Michael Bolton, FEW HICCUPPS, 2012

In other words, what Michael is saying here is that when you think you have found a bug in the product you’re testing, you probably feel that it’s a problem because it is inconsistent with one or more of the above oracles. The exceptions are the first two – with ‘familiarity’, you’ll sense a problem if you observe consistency between product and oracle; with ‘explainability’, a problem is signaled not by relative consistency (or lack thereof), but instead by a more innate value of coherence in the product. Thus, as touched on earlier, most oracles are inconsistency heuristics, but not all are.

On that point, do remember that we must apply heuristics with skill and judgement. It is possible that an observed behavior may be inconsistent with (or otherwise in contradiction of) multiple oracles. Or it may be inconsistent with one, but noticeably consistent with another. In other words, you may have to apply skill and judgement when you determine which oracles you should and shouldn’t apply in each case.

At this stage, I should highlight that FEW HICCUPPS, as a mnemonic tool and as a collection of useful test oracles, is itself heuristic. By which I mean, you may well find a legitimate problem that is not inconsistent with any of these oracles. That does not mean it is not a problem. FEW HICCUPPS is heuristic because while it will often help you identify the oracle you’re using; it is not necessarily a complete set of test oracles.

Conscious application of oracles

Now that we’re conscious of the oracles we most commonly use in testing, let’s revisit our previous statements:

“I know it’s a bug because it doesn’t meet the acceptance criteria” “I suspect it’s a bug because it’s inconsistent with claims made about the software Claims
“I know it’s a bug because it wasn’t like that before” “I suspect it’s a bug because it’s inconsistent with the historical state of the product” History
“I know it’s a bug because it seems wrong” “I suspect it’s a bug because it’s inconsistent with the desires of a reasonable user” Users’ Desires
“I know it’s a bug because there was an error” “I suspect it’s a bug because it’s inconsistent with the conventions of the product itself” Product

As you can see, in each case, the original statement was indirectly applying one of the oracles that Michael identifies. In the first example, any “acceptance criteria” are a set of claims made about what the product should do or look like. The tester who recognized that bug for that reason was using that oracle unconsciously.

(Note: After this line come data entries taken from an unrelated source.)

(* Let $S(x)=0$ be an arbitrary smooth closed surface in ${\bf R}^n$. Then there exists a stationary (time-independent) Lorentzian metric on ${\bf R}^n\times{\bf R}$, with inverse tensor $[g^{jk}(x)]_{j,k=0}^n$, such that $S=0$ is an ergosphere of this metric and $\{S(x)=0\}\times{\bf R}$ is an event horizon.
   Context: Coordinates $(x_0,x)$, $x_0$ time, $x\in{\bf R}^n$; the metric has signature $(1,-1,\dots,-1)$ and $g^{00}>0$. The ergosphere is the set where $g_{00}(x)=0$, equivalently where $\det[g^{jk}(x)]_{j,k=1}^n=0$. A closed smooth surface $S_0(x)=0$ gives an event horizon $\{S_0=0\}\times{\bf R}$ if it is characteristic, i.e. $\sum_{j,k=1}^n g^{jk}S_{0x_j}S_{0x_k}=0$ on $S_0=0$, and $\sum_{j=1}^n g^{0j}S_{0x_j}\neq0$ on $S_0=0$ (with $S_{0x}$ the outward normal; the interior is then a black hole if this sum is negative and a white hole if positive). *)

theory Defs
  imports "HOL-Analysis.Analysis"
begin

coinductive smooth :: "('a::real_normed_vector \<Rightarrow> 'b::real_normed_vector) \<Rightarrow> bool" where
  smoothI: "(\<forall>x. f differentiable (at x)) \<Longrightarrow>
     (\<forall>v. smooth (\<lambda>x. frechet_derivative f (at x) v)) \<Longrightarrow> smooth f"

definition grad :: "(real^'n::finite \<Rightarrow> real) \<Rightarrow> real^'n \<Rightarrow> real^'n" where
  "grad S x = (\<chi> j. frechet_derivative S (at x) (axis j 1))"

definition smooth_closed_surface :: "(real^'n::finite \<Rightarrow> real) \<Rightarrow> bool" where
  "smooth_closed_surface S \<longleftrightarrow> smooth S \<and> {x. S x = 0} \<noteq> {} \<and>
     compact {x. S x = 0} \<and> connected {x. S x = 0} \<and>
     (\<forall>x. S x = 0 \<longrightarrow> grad S x \<noteq> 0)"

text \<open>Index None plays the role of the time index 0; Some j is the space index j.
  A symmetric matrix has signature (1,-1,...,-1) iff it is congruent to
  diag(1,-1,...,-1).\<close>
definition lorentz_diag :: "real^('n::finite option)^('n option)" where
  "lorentz_diag = (\<chi> i k. if i = k then (if i = None then 1 else -1) else 0)"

Sometimes this isn’t a problem, but the third example can show the real power of being conscious of the oracles we’re using. I’m sure all of you have, at some stage or another, gone to your developer and said “this doesn’t seem right”, or “it just feels wrong that it works this way”, and I’m sure at least most of you have at some stage received a disparaging response. And fair enough too… that’s a pretty vague and fuzzy statement you made.

However, if you had turned to your developer and said that this behavior is “inconsistent with the expectations of a reasonable user of our product” (and maybe gone on to describe that user and why they may reasonably behave in that way), you’ve immediately delivered a far more compelling justification for it being something worth fixing.

Finally, being conscious of these oracles is a powerful tool because when we’re unconscious of them, it’s really easy to forget about them. I’ve seen this in action. When coaching testers or running training courses, I’ve continually asked them how they recognize problems in their day to day work. The four statements I outlined above are a generous summary of the responses I typically receive.

In other words, at best most testers I’ve questioned mostly only identify bugs where the behavior is inconsistent with claims about the product (by far the most common, and usually hand in hand with a checking-heavy paradigm of testing), the historical behavior of the product, expectations of a reasonable user, or conventions or patterns established within the product itself.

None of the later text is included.